### TASK TO CARRY OUT
Somewhere below are a line with "segment of C" and a later line with "these out: the". Output exactly those lines and all lines between them.

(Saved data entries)
*****

(* Let $G$ be a connected plane graph with no cycles of length $4$, $7$ or $9$, and let $C$ be a bad cycle of $G$. Then $|C|\in\{12,13\}$. Moreover, if $|C|=12$, then $C$ has a claw whose cells have lengths $\{3,5,10\}$, $\{5,5,8\}$ or $\{6,6,6\}$ (a $(3,5,10)$-claw, $(5,5,8)$-claw or $(6,6,6)$-claw); and if $|C|=13$, then $C$ has a claw whose cells have lengths $\{3,5,11\}$ (a $(3,5,11)$-claw) or a biclaw whose cells have lengths $\{5,5,5,8\}$ (a $(5,5,5,8)$-biclaw).
   Context: All graphs are finite and simple; a $k$-cycle is a cycle of length $k$ and a $13^-$-cycle is a cycle of length at most $13$. Let $C$ be a cycle in a plane graph $G$. If a vertex $v\notin V(C)$ has three neighbors $v_1,v_2,v_3$ on $C$, the subgraph formed by the edges $vv_1,vv_2,vv_3$ is called a claw of $C$. If $u_1,u_2\notin V(C)$ are adjacent and each $u_i$ has two neighbors $u_i',u_i''$ on $C$ (it is allowed that $\{u_1',u_1''\}\cap\{u_2',u_2''\}\neq\emptyset$), the subgraph formed by the edges $u_1u_2,u_1u_1',u_1u_1'',u_2u_2',u_2u_2''$ is called a biclaw of $C$. A claw or biclaw $H$ of $C$ divides the (open) disc bounded by $C$ on the side containing $H$ into regions; the boundary cycles of these regions (each consisting of a segment of $C$ and a path of $H$) are called the cells of the claw/biclaw. A $(c_1,c_2,c_3)$-claw (resp. $(c_1,c_2,c_3,c_4)$-biclaw) is a claw (resp. biclaw) whose cells have lengths $c_1,c_2,c_3$ (resp. $c_1,\dots,c_4$). A good cycle is a $13^-$-cycle that has neither claws nor biclaws; a bad cycle is a $13^-$-cycle that is not good. *)

theory Defs
  imports "HOL-Analysis.Analysis" "HOL-Library.Multiset"
begin

definition simple_graph :: "'a set \<Rightarrow> ('a \<Rightarrow> 'a \<Rightarrow> bool) \<Rightarrow> bool" where
  "simple_graph V E \<longleftrightarrow> finite V \<and> (\<forall>u v. E u v \<longrightarrow> u \<in> V \<and> v \<in> V \<and> u \<noteq> v \<and> E v u)"

definition connected_graph :: "'a set \<Rightarrow> ('a \<Rightarrow> 'a \<Rightarrow> bool) \<Rightarrow> bool" where
  "connected_graph V E \<longleftrightarrow> (\<forall>u\<in>V. \<forall>v\<in>V. E\<^sup>*\<^sup>* u v)"

definition plane_embedding ::
  "'a set \<Rightarrow> ('a \<Rightarrow> 'a \<Rightarrow> bool) \<Rightarrow> ('a \<Rightarrow> complex) \<Rightarrow> ('a \<Rightarrow> 'a \<Rightarrow> real \<Rightarrow> complex) \<Rightarrow> bool" where
  "plane_embedding V E pos \<gamma> \<longleftrightarrow>
     inj_on pos V \<and>
     (\<forall>u v. E u v \<longrightarrow> arc (\<gamma> u v) \<and> pathstart (\<gamma> u v) = pos u \<and> pathfinish (\<gamma> u v) = pos v
                      \<and> path_image (\<gamma> v u) = path_image (\<gamma> u v)) \<and>
     (\<forall>u v w. E u v \<and> w \<in> V \<and> w \<noteq> u \<and> w \<noteq> v \<longrightarrow> pos w \<notin> path_image (\<gamma> u v)) \<and>
     (\<forall>u v x y. E u v \<and> E x y \<and> {u, v} \<noteq> {x, y} \<longrightarrow>
          path_image (\<gamma> u v) \<inter> path_image (\<gamma> x y) \<subseteq> pos ` ({u, v} \<inter> {x, y}))"

definition planar :: "'a set \<Rightarrow> ('a \<Rightarrow> 'a \<Rightarrow> bool) \<Rightarrow> bool" where
  "planar V E \<longleftrightarrow> (\<exists>pos \<gamma>. plane_embedding V E pos \<gamma>)"

definition is_cycle :: "'a set \<Rightarrow> ('a \<Rightarrow> 'a \<Rightarrow> bool) \<Rightarrow> 'a list \<Rightarrow> bool" where
  "is_cycle V E C \<longleftrightarrow> length C \<ge> 3 \<and> distinct C \<and> set C \<subseteq> V \<and>
     (\<forall>i < length C. E (C ! i) (C ! ((i + 1) mod length C)))"

definition has_claw :: "'a set \<Rightarrow> ('a \<Rightarrow> 'a \<Rightarrow> bool) \<Rightarrow> 'a list \<Rightarrow> bool" where
  "has_claw V E C \<longleftrightarrow> (\<exists>v v1 v2 v3. v \<in> V \<and> v \<notin> set C \<and>
      v1 \<in> set C \<and> v2 \<in> set C \<and> v3 \<in> set C \<and> v1 \<noteq> v2 \<and> v1 \<noteq> v3 \<and> v2 \<noteq> v3 \<and>
      E v v1 \<and> E v v2 \<and> E v v3)"

definition has_biclaw :: "'a set \<Rightarrow> ('a \<Rightarrow> 'a \<Rightarrow> bool) \<Rightarrow> 'a list \<Rightarrow> bool" where
  "has_biclaw V E C \<longleftrightarrow> (\<exists>u1 u2 a b c d. u1 \<in> V \<and> u2 \<in> V \<and> u1 \<notin> set C \<and> u2 \<notin> set C \<and>
      E u1 u2 \<and> a \<in> set C \<and> b \<in> set C \<and> c \<in> set C \<and> d \<in> set C \<and> a \<noteq> b \<and> c \<noteq> d \<and>
      E u1 a \<and> E u1 b \<and> E u2 c \<and> E u2 d)"

definition good_cycle :: "'a set \<Rightarrow> ('a \<Rightarrow> 'a \<Rightarrow> bool) \<Rightarrow> 'a list \<Rightarrow> bool" where
  "good_cycle V E C \<longleftrightarrow> is_cycle V E C \<and> length C \<le> 13 \<and> \<not> has_claw V E C \<and> \<not> has_biclaw V E C"

definition bad_cycle :: "'a set \<Rightarrow> ('a \<Rightarrow> 'a \<Rightarrow> bool) \<Rightarrow> 'a list \<Rightarrow> bool" where
  "bad_cycle V E C \<longleftrightarrow> is_cycle V E C \<and> length C \<le> 13 \<and> \<not> good_cycle V E C"

text \<open>A claw with feet at positions i1 < i2 < i3 of C: its cells consist of the
  segment of C between consecutive feet plus the two claw edges.  M is the
  multiset of cell lengths.\<close>
definition has_typed_claw :: "'a set \<Rightarrow> ('a \<Rightarrow> 'a \<Rightarrow> bool) \<Rightarrow> 'a list \<Rightarrow> nat multiset \<Rightarrow> bool" where
  "has_typed_claw V E C M \<longleftrightarrow> (\<exists>v i1 i2 i3. v \<in> V \<and> v \<notin> set C \<and>
      i1 < i2 \<and> i2 < i3 \<and> i3 < length C \<and>
      E v (C ! i1) \<and> E v (C ! i2) \<and> E v (C ! i3) \<and>
      M = {# i2 - i1 + 2, i3 - i2 + 2, length C + i1 - i3 + 2 #})"

text \<open>A biclaw u1u2 whose feet appear around C (in a plane graph necessarily
  non-interleaved) in the cyclic order u1', u1'', u2', u2'' at positions
  i1 < i2 \<le> i3 < i4 \<le> i1 + |C| (taken mod |C|; coincidences allowed).  The four
  cells are: segment u1'..u1'' + 2 edges, segment u1''..u2' + 3 edges
  (u1''u1, u1u2, u2u2'), segment u2'..u2'' + 2 edges, segment u2''..u1' + 3 edges.\<close>
definition has_typed_biclaw :: "'a set \<Rightarrow> ('a \<Rightarrow> 'a \<Rightarrow> bool) \<Rightarrow> 'a list \<Rightarrow> nat multiset \<Rightarrow> bool" where
  "has_typed_biclaw V E C M \<longleftrightarrow> (\<exists>u1 u2 i1 i2 i3 i4. u1 \<in> V \<and> u2 \<in> V \<and>
      u1 \<notin> set C \<and> u2 \<notin> set C \<and> E u1 u2 \<and>
      i1 < length C \<and> i1 < i2 \<and> i2 \<le> i3 \<and> i3 < i4 \<and> i4 \<le> i1 + length C \<and>
      E u1 (C ! i1) \<and> E u1 (C ! (i2 mod length C)) \<and>
      E u2 (C ! (i3 mod length C)) \<and> E u2 (C ! (i4 mod length C)) \<and>
      M = {# i2 - i1 + 2, i3 - i2 + 3, i4 - i3 + 2, i1 + length C - i4 + 3 #})"

end

(*
  A claw or biclaw of C, together with arcs of C, spans cycles whose lengths are determined by
  the positions of its feet on C.  Since G has no 4-, 7- or 9-cycles and |C| <= 13, an exhaustive
  check over these finitely many positions leaves only the listed cell types, except that the
  count alone also admits biclaws u1u2 whose two pairs of feet interleave on C.  Planarity rules
  these out: the two arcs of C between the feet of u1 and the path through u1 form a theta graph,
  and u2 would be adjacent to inner vertices of all three of its paths, which the Jordan curve
  theorem forbids.
*)
theory Submission
  imports Defs
begin

section \<open>Theta graphs in the plane\<close>

lemma connected_inside_or_outside:
  fixes J K :: "complex set"
  assumes "closed J" "connected K" "K \<inter> J = {}"
  shows "K \<subseteq> inside J \<or> K \<subseteq> outside J"
proof -
  have "K \<subseteq> inside J \<union> outside J" using assms(3) by auto
  moreover have "inside J \<inter> outside J \<inter> K = {}" by auto
  ultimately show ?thesis
    using connectedD[OF assms(2) open_inside[OF assms(1)] open_outside[OF assms(1)]] by blast
qed

lemma connected_subset_inside:
  fixes J K :: "complex set"
  assumes "closed J" "connected K" "K \<inter> J = {}" "w \<in> closure K" "w \<in> inside J"
  shows "K \<subseteq> inside J"
proof -
  have "inside J \<inter> closure (outside J) = {}"
    by (simp add: open_Int_closure_eq_empty[OF open_inside[OF assms(1)]] inside_Int_outside)
  then have "\<not> K \<subseteq> outside J" using assms(4,5) closure_mono by blast
  then show ?thesis using connected_inside_or_outside[OF assms(1-3)] by blast
qed

lemma connected_subset_outside:
  fixes J K :: "complex set"
  assumes "closed J" "connected K" "K \<inter> J = {}" "w \<in> closure K" "w \<in> outside J"
  shows "K \<subseteq> outside J"
proof -
  have "outside J \<inter> closure (inside J) = {}"
    by (simp add: open_Int_closure_eq_empty[OF open_outside[OF assms(1)]] inside_Int_outside Int_commute)
  then have "\<not> K \<subseteq> inside J" using assms(4,5) closure_mono by blast
  then show ?thesis using connected_inside_or_outside[OF assms(1-3)] by blast
qed

lemma outside_Int3_nonempty:
  fixes A B C :: "complex set"
  assumes "bounded A" "bounded B" "bounded C"
  obtains f where "f \<in> outside A" "f \<in> outside B" "f \<in> outside C"
proof -
  have "bounded (- outside A \<union> - outside B \<union> - outside C)"
    using assms cobounded_outside bounded_Un by metis
  then have "- outside A \<union> - outside B \<union> - outside C \<noteq> UNIV"
    using not_bounded_UNIV by metis
  then show ?thesis using that by blast
qed

lemma arc_inner_point:
  assumes "arc g"
  obtains x where "x \<in> path_image g" "x \<noteq> pathstart g" "x \<noteq> pathfinish g"
proof
  have inj: "inj_on g {0..1}" using assms arc_imp_inj_on by blast
  show "g (1/2) \<in> path_image g" by (simp add: path_image_def)
  show "g (1/2) \<noteq> pathstart g" using inj_onD[OF inj, of "1/2" 0] by (auto simp: pathstart_def)
  show "g (1/2) \<noteq> pathfinish g" using inj_onD[OF inj, of "1/2" 1] by (auto simp: pathfinish_def)
qed

lemma Jordan_inside_outside_two_arcs:
  fixes X Y :: "real \<Rightarrow> complex"
  assumes "arc X" "arc Y" "pathstart X = p" "pathfinish X = q" "pathstart Y = p" "pathfinish Y = q"
    "path_image X \<inter> path_image Y = {p, q}"
  shows "inside (path_image X \<union> path_image Y) \<noteq> {} \<and>
         connected (inside (path_image X \<union> path_image Y)) \<and>
         connected (outside (path_image X \<union> path_image Y)) \<and>
         frontier (inside (path_image X \<union> path_image Y)) = path_image X \<union> path_image Y"
proof -
  have "simple_path (X +++ reversepath Y)"
    using assms by (auto simp: simple_path_join_loop_eq arc_simple_path simple_path_reversepath)
  moreover have "pathfinish (X +++ reversepath Y) = pathstart (X +++ reversepath Y)"
    using assms by simp
  moreover have "path_image (X +++ reversepath Y) = path_image X \<union> path_image Y"
    using assms by (simp add: path_image_join)
  ultimately show ?thesis using Jordan_inside_outside by metis
qed

definition theta_arcs ::
  "complex \<Rightarrow> complex \<Rightarrow> (real \<Rightarrow> complex) \<Rightarrow> (real \<Rightarrow> complex) \<Rightarrow> (real \<Rightarrow> complex) \<Rightarrow> bool" where
  "theta_arcs p q X Y Z \<longleftrightarrow>
     (\<forall>A \<in> {X, Y, Z}. arc A \<and> pathstart A = p \<and> pathfinish A = q) \<and>
     path_image X \<inter> path_image Y = {p, q} \<and> path_image X \<inter> path_image Z = {p, q} \<and>
     path_image Y \<inter> path_image Z = {p, q}"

*****

### RESPONSE TO THE EXERCISE
  segment of C between consecutive feet plus the two claw edges.  M is the
  multiset of cell lengths.\<close>
definition has_typed_claw :: "'a set \<Rightarrow> ('a \<Rightarrow> 'a \<Rightarrow> bool) \<Rightarrow> 'a list \<Rightarrow> nat multiset \<Rightarrow> bool" where
  "has_typed_claw V E C M \<longleftrightarrow> (\<exists>v i1 i2 i3. v \<in> V \<and> v \<notin> set C \<and>
      i1 < i2 \<and> i2 < i3 \<and> i3 < length C \<and>
      E v (C ! i1) \<and> E v (C ! i2) \<and> E v (C ! i3) \<and>
      M = {# i2 - i1 + 2, i3 - i2 + 2, length C + i1 - i3 + 2 #})"

text \<open>A biclaw u1u2 whose feet appear around C (in a plane graph necessarily
  non-interleaved) in the cyclic order u1', u1'', u2', u2'' at positions
  i1 < i2 \<le> i3 < i4 \<le> i1 + |C| (taken mod |C|; coincidences allowed).  The four
  cells are: segment u1'..u1'' + 2 edges, segment u1''..u2' + 3 edges
  (u1''u1, u1u2, u2u2'), segment u2'..u2'' + 2 edges, segment u2''..u1' + 3 edges.\<close>
definition has_typed_biclaw :: "'a set \<Rightarrow> ('a \<Rightarrow> 'a \<Rightarrow> bool) \<Rightarrow> 'a list \<Rightarrow> nat multiset \<Rightarrow> bool" where
  "has_typed_biclaw V E C M \<longleftrightarrow> (\<exists>u1 u2 i1 i2 i3 i4. u1 \<in> V \<and> u2 \<in> V \<and>
      u1 \<notin> set C \<and> u2 \<notin> set C \<and> E u1 u2 \<and>
      i1 < length C \<and> i1 < i2 \<and> i2 \<le> i3 \<and> i3 < i4 \<and> i4 \<le> i1 + length C \<and>
      E u1 (C ! i1) \<and> E u1 (C ! (i2 mod length C)) \<and>
      E u2 (C ! (i3 mod length C)) \<and> E u2 (C ! (i4 mod length C)) \<and>
      M = {# i2 - i1 + 2, i3 - i2 + 3, i4 - i3 + 2, i1 + length C - i4 + 3 #})"

end

(*
  A claw or biclaw of C, together with arcs of C, spans cycles whose lengths are determined by
  the positions of its feet on C.  Since G has no 4-, 7- or 9-cycles and |C| <= 13, an exhaustive
  check over these finitely many positions leaves only the listed cell types, except that the
  count alone also admits biclaws u1u2 whose two pairs of feet interleave on C.  Planarity rules
  these out: the two arcs of C between the feet of u1 and the path through u1 form a theta graph,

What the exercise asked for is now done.